« C' ETAIT un soir d'hiver comme bien d'autres. » Jérôme Chiotti, champion du monde de VTT 1996, déchu après ses aveux de dopage, ressent une drôle de douleur, « là, du côté du cur ». Il s'affole, un peu. Selon lui, les cachets qu'il prend depuis plusieurs jours, dans le cadre d'un dopage programmé, sont responsables de son malaise. Le médecin de garde diagnostiquera une douleur intercostale et parviendra à faire peur au sportif et à son épouse : « Madame, êtes-vous consciente que votre mari met en péril une grande partie de sa vie, en absorbant de telles substances ? (...) Ce sont des médicaments que l'on donne aux patients atteints de la maladie de Parkinson. (...) Vous voulez devenir veuve à quarante ans ? »
En avril 2000, Jérôme Chiotti lâche tout : le dopage programmé, sous contrôle, le dopage artisanal, la complaisance des médecins, les filières d'approvisionnement, etc. « Oui, j'ai été champion du monde en Australie grâce à l'EPO (érythropoïétine) », lit-on alors dans les journaux et, aujourd'hui, dans un livre, « De mon plein gré »*, dans lequel Jérôme Chiotti retrace sa vie, depuis ses débuts à vélo, dans un quartier haut de Millau, jusqu'à ses aveux. Le sportif raconte ainsi son parcours dans le monde professionnel, effectué en partie sur route, notamment dans les équipes Le Groupement et Festina.
Une dizaine de médicaments
Alors qu'il n'est qu'amateur, son premier « initiateur », Philippe Gilleron, lui recommande la lecture d'un bouquin du Dr François Bellocq, « la Grande Hypocrisie », et l'incite à aller le voir le jour où il en aura besoin. Jérôme Chiotti oublie, puis y revient au moment même où ses entraînements deviennent plus intenses. François Bellocq, mort depuis, est adepte du rééquilibrage hormonal. Après une année de réflexion, le sportif saute le pas : le Dr Bellocq lui prescrit plus d'une dizaine de médicaments, dont des substances indiquées dans les troubles fonctionnels digestifs, des produits traitant le déficit cognitif et neurosensoriel du sujet âgé, des vasodilatateurs périphériques. Soit une trentaine de pilules à avaler dans une journée. « C'était de la pure folie, même si ces substances n'avaient aucun effet dopant, note Jérôme Chiotti. D'un autre côté, je n'avais aucune raison de mettre sa parole en doute. Après tout, il était médecin (...). »

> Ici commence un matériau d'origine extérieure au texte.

(* Let $n$ be an odd integer, $q=2^n$, and let $i$ be a positive integer with $\gcd(i,n)=1$. Let $d$ be an integer with $d\equiv\frac{2^i+1}{3}\pmod{2^n-1}$, i.e. $3d\equiv 2^i+1\pmod{2^n-1}$. Then for every $u\in\mathrm{GF}(q)\setminus\mathrm{GF}(2)$ the cubic equation \[\big(u^dx+(1+u)^d\big)^3+x^3+1=0\] has a unique solution $x\in\mathrm{GF}(2^n)$.
   Context: Since $n$ is odd, $\gcd(3,2^n-1)=1$, so $\frac{2^i+1}{3}$ denotes $(2^i+1)$ times the inverse of $3$ modulo $2^n-1$. *)

theory Defs
  imports "HOL-Number_Theory.Number_Theory"
begin

end

theory Submission
  imports Defs
begin

text \<open>
  Write \<open>u = r\<^sup>2\<close> and \<open>q = r\<^bsup>2\<^sup>i\<^esup>\<close>. As \<open>n\<close> is odd, cubing is a bijection of
  \<open>GF(2\<^sup>n)\<close>, so \<open>u\<^sup>d\<close> and \<open>(1 + u)\<^sup>d\<close> are the cube roots of \<open>(r q)\<^sup>2\<close> and
  \<open>((1 + r) (1 + q))\<^sup>2\<close>. An affine change of variable \<open>x \<mapsto> w\<close> turns the equation into
  \<open>w\<^sup>3 + w = V + 1/V\<close> with \<open>V = (1 + q)\<^sup>2 r / ((1 + r)\<^sup>2 q)\<close>. Writing \<open>V = v\<^sup>3\<close> and
  \<open>s = v + 1/v\<close>, the right-hand side is \<open>s\<^sup>3 + s\<close>, and \<open>w\<^sup>3 + w + s\<^sup>3 + s\<close> is \<open>w + s\<close>
  times a quadratic whose roots would give a primitive cube root of unity, which does not
  exist since cubing is injective. So \<open>w = s\<close> is the only root. The degenerate cases
  (\<open>V \<in> {0, 1}\<close>, leading coefficient \<open>0\<close>) are excluded because \<open>r \<notin> GF(2)\<close> is fixed
  neither by \<open>x \<mapsto> x\<^bsup>2\<^sup>i\<^esup>\<close> nor by \<open>x \<mapsto> x\<^bsup>2\<^sup>2\<^sup>i\<^esup>\<close>, as \<open>gcd(2i, n) = 1\<close>.
\<close>

lemma char2_add_eq_0_iff:
  fixes x y :: "'a::field"
  assumes "(2::'a) = 0"
  shows "x + y = 0 \<longleftrightarrow> x = y"
  by (metis assms mult_2 mult_zero_left neg_eq_iff_add_eq_0)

Le dopage dans le milieu sportif peut se décrire en terme de palier. Le « premier palier » est atteint par Jérôme Chiotti en 1993, lors d'un mini-stage sur trois jours de cyclo-cross à Lalonde-les-Maures. « Manu » l'initie à « un nouveau mode de récupération », une injection par piqûre d'un décontractant musculaire. « Ce n'était qu'un décontractant, qu'une intramusculaire. C'était surtout un baptême. Merci Manu », écrit le sportif.
La chimie comme sésame
Sa première injection de corticoïdes remonte au lendemain de la présentation de l'équipe Catavana-Corbeil, en janvier 1994. « J'arrivai à un nouveau palier », constate Jérôme Chiotti. Le début d'une longue série, le trimbalant de suivi en suivi de protocoles à base de corticoïdes. « Aujourd'hui, un magma noirâtre tapisse (sa) fesse. »

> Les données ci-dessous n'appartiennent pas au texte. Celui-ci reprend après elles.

lemma subset_cut_of_causal_past: "X \<subseteq> cut_of (causal_past X)"
proof
  fix x
  assume x: "x \<in> X"
  then have "x \<in> places NU"
    using co_set by (auto simp: pairwise_concurrent_places_def)
  moreover have "preset NU x \<subseteq> causal_past X"
  proof
    fix t
    assume t: "t \<in> preset NU x"
    then have "t \<in> trans NU"
      using \<open>x \<in> places NU\<close> places_trans_disjoint preset_nontrans by blast
    moreover have "causal_le NU t x"
      using t by (simp add: causal_le_def flow_rel_iff_preset[symmetric] r_into_rtrancl)
    ultimately show "t \<in> causal_past X"
      using x by (auto simp: causal_past_def)
  qed
  moreover have "postset NU x \<inter> causal_past X = {}"
  proof (rule ccontr)
    assume "postset NU x \<inter> causal_past X \<noteq> {}"
    then obtain t y where "x \<in> preset NU t" "y \<in> X" "(t, y) \<in> (flow_rel NU)\<^sup>*"
      by (auto simp: causal_past_def causal_le_def postset_iff_preset)
    then have "causal_lt NU x y"
      by (auto intro: rtrancl_into_trancl2 simp: causal_lt_def flow_rel_iff_preset)
    then show False
      using co_set_not_causal_lt x \<open>y \<in> X\<close> by blast
  qed
  ultimately show "x \<in> cut_of (causal_past X)"
    by (simp add: cut_of_def)
qed

lemma card_co_set_le:
  assumes "finite X" and "k_bounded N k" and "finite (places N)"
  shows "card X \<le> k * card (places N)"
proof -
  let ?E = "causal_past X"
  have reachable: "reachable N (cut_marking ?E)"
    using reachable_cut_marking configuration_causal_past assms(1) by blast
  have "h ` X \<subseteq> places N"
    using co_set homomorphism_h by (auto simp: pairwise_concurrent_places_def homomorphism_def)
  have "card X = (\<Sum>x\<in>X. 1)"
    by simp
  also have "\<dots> = (\<Sum>q\<in>places N. \<Sum>x\<in>{x \<in> X. h x = q}. 1)"
    by (rule sum.group[symmetric, OF assms(1,3) \<open>h ` X \<subseteq> places N\<close>])
  also have "\<dots> = (\<Sum>q\<in>places N. card {x \<in> X. h x = q})"
    by simp
  also have "\<dots> \<le> (\<Sum>q\<in>places N. cut_marking ?E q)"
    unfolding cut_marking_def
    using subset_cut_of_causal_past finite_cut_of[OF configuration_causal_past[OF assms(1)]]
    by (intro sum_mono card_mono) auto
  also have "\<dots> \<le> (\<Sum>q\<in>places N. k)"
    using reachable assms(2) by (intro sum_mono) (simp add: k_bounded_def)
  finally show ?thesis
    by (simp add: mult.commute)
qed

end

end

theorem mainTheorem13:
  fixes N :: "'n petri_net" and NU :: "'u petri_net" and h :: "'u \<Rightarrow> 'n" and k :: nat
  assumes "petri_net N" and "finite_net N" and "k \<ge> 1" and "k_bounded N k"
    and "branching_process N NU h"
    and "is_cut NU C"
  shows "finite C"
proof (rule ccontr)
  assume "infinite C"
  then obtain X where X: "finite X" "card X = k * card (places N) + 1" "X \<subseteq> C"
    using infinite_arbitrarily_large by blast
  have "pairwise_concurrent_places NU C"
    using assms(6) by (simp add: is_cut_def)
  then have "pairwise_concurrent_places NU X"
    using X(3) by (auto simp: pairwise_concurrent_places_def)
  moreover have "finite (places N)"
    using assms(2) by (simp add: finite_net_def)
  ultimately have "card X \<le> k * card (places N)"
    using branching_proc.card_co_set_le[OF branching_proc.intro[OF assms(5)]] X(1) assms(4)
    by blast
  with X(2) show False
    by simp
qed

end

Aviez-vous peur, Jérôme Chiotti, de bafouer l'éthique ? « Non. » Aviez-vous peur pour votre santé ? « Non. »« Pour être tout à fait sincère, j'étais aux anges, (...) épaté de tenir un rang (...). Dans mon esprit juvénile, je passais du monde amateur au monde pro. L'apport chimique devenait mon sésame. » Testostérone, puis EPO et hormones de croissance, Jérôme Chiotti atteindra les derniers paliers. Cette fois, « pour l'appât du gain ».

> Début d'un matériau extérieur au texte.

lemma transfer_weighted_Y_match:
  assumes \<sigma>: "bij_betw \<sigma> {0..<n} {0..<n}" and P: "P = perm_mat n \<sigma>" and "C \<subseteq> Y" "k < n"
  shows "q' k * (\<Prod>j\<in>C. V' k j) = q (\<sigma> k) * (\<Prod>j\<in>C. V (\<sigma> k) j)"
proof -
  have "(mat_diag n q * col_prod_mat V (\<lambda>_. C)) $$ (\<sigma> k, i0)
      = (perm_mat n \<sigma> * (mat_diag n q' * col_prod_mat V' (\<lambda>_. C))) $$ (\<sigma> k, i0)"
    using transfer_weights[of "\<lambda>_. C" "{}"] assms by simp
  also have "\<dots> = (mat_diag n q' * col_prod_mat V' (\<lambda>_. C)) $$ (k, i0)"
    by (rule index_mult_perm_mat_left[OF _ \<sigma> \<open>k < n\<close> i0(1)]) simp
  finally show ?thesis
    using assms i0 bij_betw_apply[OF \<sigma>] by (simp add: mat_diag_mult_left[of _ n n])
qed

lemma transfer_X_match:
  assumes \<sigma>: "bij_betw \<sigma> {0..<n} {0..<n}" and P: "P = perm_mat n \<sigma>" and "k < n" "j \<in> X"
  shows "V' k j = V (\<sigma> k) j"
proof -
  have "V' k j = (row_prod_mat V (\<lambda>_. {j}) * perm_mat n \<sigma>) $$ (i0, k)"
    using transfer_rows[of "\<lambda>_. {j}"] assms i0 by simp
  also have "\<dots> = row_prod_mat V (\<lambda>_. {j}) $$ (i0, \<sigma> k)"
    by (rule index_mult_perm_mat_right[OF _ \<sigma> i0(1) \<open>k < n\<close>]) simp
  also have "\<dots> = V (\<sigma> k) j"
    using i0 bij_betw_apply[OF \<sigma>] assms by simp
  finally show ?thesis .
qed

Si le système D ne suffit plus pour trouver de l'EPO ou des hormones de croissance, il fonctionne en revanche pour tout le reste. En Loire-Atlantique (la zone de manuvre du sportif), un coureur amateur fait office de ravitailleur en chef. « Il s'approvisionnait auprès d'une pharmacie du département qui fermait totalement les yeux sur ses commandes sans ordonnance. » Un jour, Jérôme Chiotti s'y rend seul, sans justificatif médical. Il repart avec un arsenal de corticoïdes, « pour la saison ».
« Certains diront que j'en fais trop, conclut Jérôme Chiotti (...) Oui, je suis peut-être fou. Fou au point d'inviter tous les gens concernés à déposer plainte dans les commissariats de France pour non-assistance à personnes en danger. Pour abus de négligence. »
* « De mon plein gré », éd. Calmann-Lévy, 89 F.